A enfermeira saiu deixando Kate e Sophia sozinhas.
- Quatro anos?
- Se você ficar repetindo isso várias vezes aí sim vai ficar louca - tinha terminado de colorir.
- São quatro anos, você tem noção disso?
- Eu fiquei dez, você aguenta.
- DEZ ANOS? - sentou na cama de Kate enquanto ela ajuntava seus lápis.
- Eu cometi suicídio três vezes depois que minha filha morreu, eu não vivia muito bem. Minha mãe sempre me visita e meu sobrinho me manda dinheiro, ele é dono de uma indústria.
- E a sua família?
- Minha família é minha mãe e minha filha, o resto não é ninguém.
- E seu marido?
- Eu fui mãe solteira - respirou fundo.
- Sinto muito, Kate.
- É normal - saiu da cama guardando seu livro - você deve conhecer as outras meninas, elas são legais.
- Onde estão elas?
- No grupo de apoio, hoje eu não quis ir mas somos obrigados duas vezes por semana - explicou - melhora seu pensamento positivo, os médicos sempre dizem isso.
- Somos obrigados? - fez uma careta.
- Somos, eu ganhei uma advertência hoje por não ter ido.
- Advertência?
- Sim, se você tiver no máximo seis você ganha punição.
- E qual é a punição?
- Eles bloqueiam todo acesso a família, você não recebe visitas, não recebe o dinheiro que mandam pra você, essas coisas.

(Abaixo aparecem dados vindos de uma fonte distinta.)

lemma attach_path_Suc:
  assumes A: "A \<in> carrier_mat n n"
  shows "attach_path A x (Suc k) = join_edge (mat 1 1 (\<lambda>_. 2)) 0 (attach_path A x k) (if k = 0 then x else 0)"
    (is "_ = ?J")
proof -
  have P: "attach_path A x k \<in> carrier_mat (k + n) (k + n)" and E: "mat 1 1 (\<lambda>_. 2) \<in> carrier_mat 1 1"
    using attach_path_carrier[OF A] by auto
  have J: "?J \<in> carrier_mat (1 + (k + n)) (1 + (k + n))"
    by (rule join_edge_carrier[OF E P])
  show ?thesis
  proof (rule eq_matI)
    fix i j assume "i < dim_row ?J" "j < dim_col ?J"
    then have ij: "i < 1 + (k + n)" "j < 1 + (k + n)"
      using J by auto
    have ij': "i < Suc k + n" "j < Suc k + n"
      using ij by simp_all
    show "attach_path A x (Suc k) $$ (i,j) = ?J $$ (i,j)"
    proof (cases "i = 0 \<or> j = 0")
      case True
      then show ?thesis
        unfolding join_edge_index[OF E P ij] attach_path_index[OF A ij'] using ij
        by (cases k; elim disjE; simp)
    next
      case False
      then obtain i' j' where "i = Suc i'" "j = Suc j'"
        using not0_implies_Suc by blast
      with ij show ?thesis
        unfolding join_edge_index[OF E P ij] attach_path_index[OF A ij']
        by (simp add: attach_path_index[OF A])
    qed
  qed (use J attach_path_carrier[OF A, of x "Suc k"] in auto)
qed
(* Let $n\ge1$ and $\eta\in(0,1]$. Consider the correlations obtained in the routed Bell scenario with $n$ long-path inputs from the state $|\Phi^+\rangle=\frac{1}{\sqrt2}(|00\rangle+|11\rangle)$, Alice measuring the observables $A_0=Z$, $A_1=X$ (projectively), the short-path device measuring $B^{\mathrm S}_0=\frac{Z+X}{\sqrt2}$, $B^{\mathrm S}_1=\frac{Z-X}{\sqrt2}$ (projectively), and the long-path device measuring, for input $y$, the POVM $\mathrm B^{\mathrm L}_{b|y}=\frac{\eta}{2}\big(I+(-1)^b(\cos\theta_yZ+\sin\theta_yX)\big)$ for $b\in\{0,1\}$ and $\mathrm B^{\mathrm L}_{\varnothing|y}=(1-\eta)I$. These correlations have $\mathcal S=2\sqrt2$, $\mathcal T_n=\eta$, $\mathcal W_n=\eta$, and they are not SRQ whenever $\eta>1/n$.
   Context: Routed Bell scenario with $n$ long-path inputs: Alice has input $x\in\{0,1\}$ and outcome $a\in\{0,1\}$; a route $r\in\{\mathrm S,\mathrm L\}$ is chosen; if $r=\mathrm S$ Bob has input $y\in\{0,1\}$ and outcome $b\in\{0,1\}$; if $r=\mathrm L$ Bob has input $y\in\{0,\dots,n-1\}$ and outcome $b\in\{0,1,\varnothing\}$. Set $\theta_y=y\pi/n$. A binary observable $O$ is measured via projectors $\frac12(I+(-1)^aO)$. Quantum correlations: $p(a,b|x,y,r)=\langle\Phi^+|\mathrm A_{a|x}\otimes\mathrm B^r_{b|y}|\Phi^+\rangle$. Correlations are short-range quantum (SRQ) if there exist finite-dimensional complex Hilbert spaces $H_A,H_B$, a density operator $\rho_{AB}$, POVMs $\{\mathrm A_{a|x}\}_{a}$ on $H_A$, POVMs $\{\mathrm B^{\mathrm S}_{b|y}\}_b$ on $H_B$, a POVM $\{\mathrm E_\lambda\}_{\lambda\in\Lambda}$ on $H_B$ with finite $\Lambda$, and conditional probabilities $p(b|y,\lambda)$, $b\in\{0,1,\varnothing\}$, such that $p(a,b|x,y,\mathrm S)=\mathrm{tr}(\rho_{AB}\mathrm A_{a|x}\otimes\mathrm B^{\mathrm S}_{b|y})$ and $p(a,b|x,y,\mathrm L)=\sum_\lambda p(b|y,\lambda)\mathrm{tr}(\rho_{AB}\mathrm A_{a|x}\otimes\mathrm E_\lambda)$. Correlators $\langle A_xB^r_y\rangle:=\sum_{a,b\in\{0,1\}}(-1)^{a+b}p(a,b|x,y,r)$; $\mathcal S:=\sum_{x,y\in\{0,1\}}(-1)^{xy}\langle A_xB^{\mathrm S}_y\rangle$; $\mathcal W_n:=\frac1n\sum_{y}\big(\cos\theta_y\langle A_0B^{\mathrm L}_y\rangle+\sin\theta_y\langle A_1B^{\mathrm L}_y\rangle\big)$; $\mathcal T_n:=\frac1n\sum_y\sum_{b\in\{0,1\}}p(b|y,\mathrm L)$ with $p(b|y,\mathrm L)=\sum_ap(a,b|x,y,\mathrm L)$. *)

theory Defs
  imports Complex_Main "Jordan_Normal_Form.Matrix"
begin

definition mtrace :: "complex mat \<Rightarrow> complex" where
  "mtrace M = (\<Sum>i<dim_row M. M $$ (i, i))"

definition kron :: "complex mat \<Rightarrow> complex mat \<Rightarrow> complex mat" where
  "kron A B = mat (dim_row A * dim_row B) (dim_col A * dim_col B)
     (\<lambda>(i, j). A $$ (i div dim_row B, j div dim_col B) * B $$ (i mod dim_row B, j mod dim_col B))"

definition psd :: "nat \<Rightarrow> complex mat \<Rightarrow> bool" where
  "psd d M \<longleftrightarrow> M \<in> carrier_mat d d \<and>
     (\<forall>v \<in> carrier_vec d. Im ((M *\<^sub>v v) \<bullet>c v) = 0 \<and> Re ((M *\<^sub>v v) \<bullet>c v) \<ge> 0)"

definition density_op :: "nat \<Rightarrow> complex mat \<Rightarrow> bool" where
  "density_op d \<rho> \<longleftrightarrow> psd d \<rho> \<and> mtrace \<rho> = 1"

definition povm :: "nat \<Rightarrow> 'b set \<Rightarrow> ('b \<Rightarrow> complex mat) \<Rightarrow> bool" where
  "povm d Outs E \<longleftrightarrow> finite Outs \<and> (\<forall>b\<in>Outs. psd d (E b)) \<and>
     (\<forall>i<d. \<forall>j<d. (\<Sum>b\<in>Outs. E b $$ (i, j)) = (1\<^sub>m d) $$ (i, j))"

text \<open>Outcomes/inputs are naturals; Alice: x,a in {0,1}; short path: y,b in {0,1};
 long path: y in {0..<n}, b in {Some 0, Some 1, None}, None being the no-click outcome.
 A correlation is a pair of functions pS a b x y and pL a b x y.\<close>

definition outL :: "nat option set" where
  "outL = {Some 0, Some 1, None}"

definition SRQ :: "nat \<Rightarrow> (nat \<Rightarrow> nat \<Rightarrow> nat \<Rightarrow> nat \<Rightarrow> real)
                 \<Rightarrow> (nat \<Rightarrow> nat option \<Rightarrow> nat \<Rightarrow> nat \<Rightarrow> real) \<Rightarrow> bool" where
  "SRQ n pS pL \<longleftrightarrow>
     (\<exists>(dA::nat) (dB::nat) \<rho> (A :: nat \<Rightarrow> nat \<Rightarrow> complex mat) (BS :: nat \<Rightarrow> nat \<Rightarrow> complex mat)
        (E :: nat \<Rightarrow> complex mat) (\<Lambda> :: nat set) (pb :: nat option \<Rightarrow> nat \<Rightarrow> nat \<Rightarrow> real).
        density_op (dA * dB) \<rho> \<and>
        (\<forall>x<2. povm dA {0, 1} (A x)) \<and>
        (\<forall>y<2. povm dB {0, 1} (BS y)) \<and>
        finite \<Lambda> \<and> povm dB \<Lambda> E \<and>
        (\<forall>y<n. \<forall>l\<in>\<Lambda>. (\<forall>b\<in>outL. pb b y l \<ge> 0) \<and> (\<Sum>b\<in>outL. pb b y l) = 1) \<and>
        (\<forall>a<2. \<forall>b<2. \<forall>x<2. \<forall>y<2.
           complex_of_real (pS a b x y) = mtrace (\<rho> * kron (A x a) (BS y b))) \<and>
        (\<forall>a<2. \<forall>b\<in>outL. \<forall>x<2. \<forall>y<n.
           complex_of_real (pL a b x y) =
             (\<Sum>l\<in>\<Lambda>. complex_of_real (pb b y l) * mtrace (\<rho> * kron (A x a) (E l)))))"

definition corrS :: "(nat \<Rightarrow> nat \<Rightarrow> nat \<Rightarrow> nat \<Rightarrow> real) \<Rightarrow> nat \<Rightarrow> nat \<Rightarrow> real" where
  "corrS pS x y = (\<Sum>a<2. \<Sum>b<2. (-1) ^ (a + b) * pS a b x y)"

definition corrL :: "(nat \<Rightarrow> nat option \<Rightarrow> nat \<Rightarrow> nat \<Rightarrow> real) \<Rightarrow> nat \<Rightarrow> nat \<Rightarrow> real" where
  "corrL pL x y = (\<Sum>a<2. \<Sum>b<2. (-1) ^ (a + b) * pL a (Some b) x y)"

definition CHSH :: "(nat \<Rightarrow> nat \<Rightarrow> nat \<Rightarrow> nat \<Rightarrow> real) \<Rightarrow> real" where
  "CHSH pS = (\<Sum>x<2. \<Sum>y<2. (-1) ^ (x * y) * corrS pS x y)"

definition theta :: "nat \<Rightarrow> nat \<Rightarrow> real" where
  "theta n y = real y * pi / real n"

definition Wn :: "nat \<Rightarrow> (nat \<Rightarrow> nat option \<Rightarrow> nat \<Rightarrow> nat \<Rightarrow> real) \<Rightarrow> real" where
  "Wn n pL = (1 / real n) * (\<Sum>y<n. cos (theta n y) * corrL pL 0 y + sin (theta n y) * corrL pL 1 y)"
definition bounded_stopping_time :: "'a measure \<Rightarrow> (real \<Rightarrow> 'a measure) \<Rightarrow> ('a \<Rightarrow> real) \<Rightarrow> bool" where
  "bounded_stopping_time M F T \<longleftrightarrow> stopping_time_on M F T \<and> (\<exists>B. \<forall>\<omega>\<in>space M. T \<omega> \<le> B)"

definition sigma_at :: "'a measure \<Rightarrow> (real \<Rightarrow> 'a measure) \<Rightarrow> ('a \<Rightarrow> real) \<Rightarrow> 'a measure" where
  "sigma_at M F T = sigma (space M)
     {A. A \<subseteq> space M \<and> (\<forall>t\<ge>0. {\<omega>\<in>A. T \<omega> \<le> t} \<in> sets (F t))}"

definition progressive :: "'a measure \<Rightarrow> (real \<Rightarrow> 'a measure) \<Rightarrow> (real \<Rightarrow> 'a \<Rightarrow> real) \<Rightarrow> bool" where
  "progressive M F X \<longleftrightarrow>
     (\<forall>t\<ge>0. (\<lambda>(s, \<omega>). X s \<omega>) \<in> (restrict_space borel {0..t} \<Otimes>\<^sub>M F t) \<rightarrow>\<^sub>M borel)"

definition progressive_nonneg :: "'a measure \<Rightarrow> (real \<Rightarrow> 'a measure) \<Rightarrow> (real \<Rightarrow> 'a \<Rightarrow> real) \<Rightarrow> bool" where
  "progressive_nonneg M F X \<longleftrightarrow> progressive M F X \<and> (\<forall>t\<ge>0. \<forall>\<omega>\<in>space M. 0 \<le> X t \<omega>)"

definition optional_sigma :: "'a measure \<Rightarrow> (real \<Rightarrow> 'a measure) \<Rightarrow> (real \<times> 'a) measure" where
  "optional_sigma M F = sigma ({0..} \<times> space M)
     {{(t, \<omega>). 0 \<le> t \<and> \<omega> \<in> space M \<and> T \<omega> \<le> t} | T. stopping_time_on M F T}"

definition optional :: "'a measure \<Rightarrow> (real \<Rightarrow> 'a measure) \<Rightarrow> (real \<Rightarrow> 'a \<Rightarrow> real) \<Rightarrow> bool" where
  "optional M F X \<longleftrightarrow> (\<lambda>(t, \<omega>). X t \<omega>) \<in> optional_sigma M F \<rightarrow>\<^sub>M borel"

definition has_right_limits :: "'a measure \<Rightarrow> (real \<Rightarrow> 'a \<Rightarrow> real) \<Rightarrow> bool" where
  "has_right_limits M X \<longleftrightarrow> (\<forall>\<omega>\<in>space M. \<forall>t\<ge>0. \<exists>L. ((\<lambda>s. X s \<omega>) \<longlongrightarrow> L) (at_right t))"

definition rlim :: "(real \<Rightarrow> 'a \<Rightarrow> real) \<Rightarrow> real \<Rightarrow> 'a \<Rightarrow> real" where
  "rlim X t \<omega> = Lim (at_right t) (\<lambda>s. X s \<omega>)"

definition gen_exp :: "'a measure \<Rightarrow> ('a \<Rightarrow> ereal) \<Rightarrow> ereal" where
  "gen_exp M X = enn2ereal (\<integral>\<^sup>+\<omega>. e2ennreal (X \<omega>) \<partial>M) - enn2ereal (\<integral>\<^sup>+\<omega>. e2ennreal (- X \<omega>) \<partial>M)"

- Esse lugar é tenebroso pra mim.
- Já disse que você vai se acostumar - Kate foi até a porta - vem, vamos até o refeitório.
- Eu não quero comer.
- Você precisa, deixe esse seu lado de adolescente birrenta. Não quer ganhar punições agora que chegou, ou quer?
Kate tinha razão, Sophia não estava pronta pra encarar vários tipos de punições, já estava louca só de pensar que ficaria quatro anos sem ver Micael, quatro anos sem ver sua filha, sabia que tinha os problemas mas quatro era demais. Demais a todos.
As duras saíram ao refeitório, os enormes corredores da clínica deixaram Sophia mais tranquila, aquilo parecia um shopping de luxo, ela lembrou os velhos tempos quando gastava sua mesada em roupas importadas e sapatos de grife.
Entraram no refeitório bem iluminado, haviam pessoas terminando suas refeições, não pareciam loucas e sim muito normais pra estarem ali. Kate ensinou tudo a mesma e logo as duas estavam procurando algum lugar pra sentar, o prato de Sophia estava bem verde, diferente do que ela comia quando Micael não estava em casa.
- Está se sentindo melhor?
- Um pouco - abriu seu suco de laranja - aqui não é tão ruim quanto parece.
- Não é, você vai ver - sorriram.
Estava conseguindo destruir suas barreiras da doença.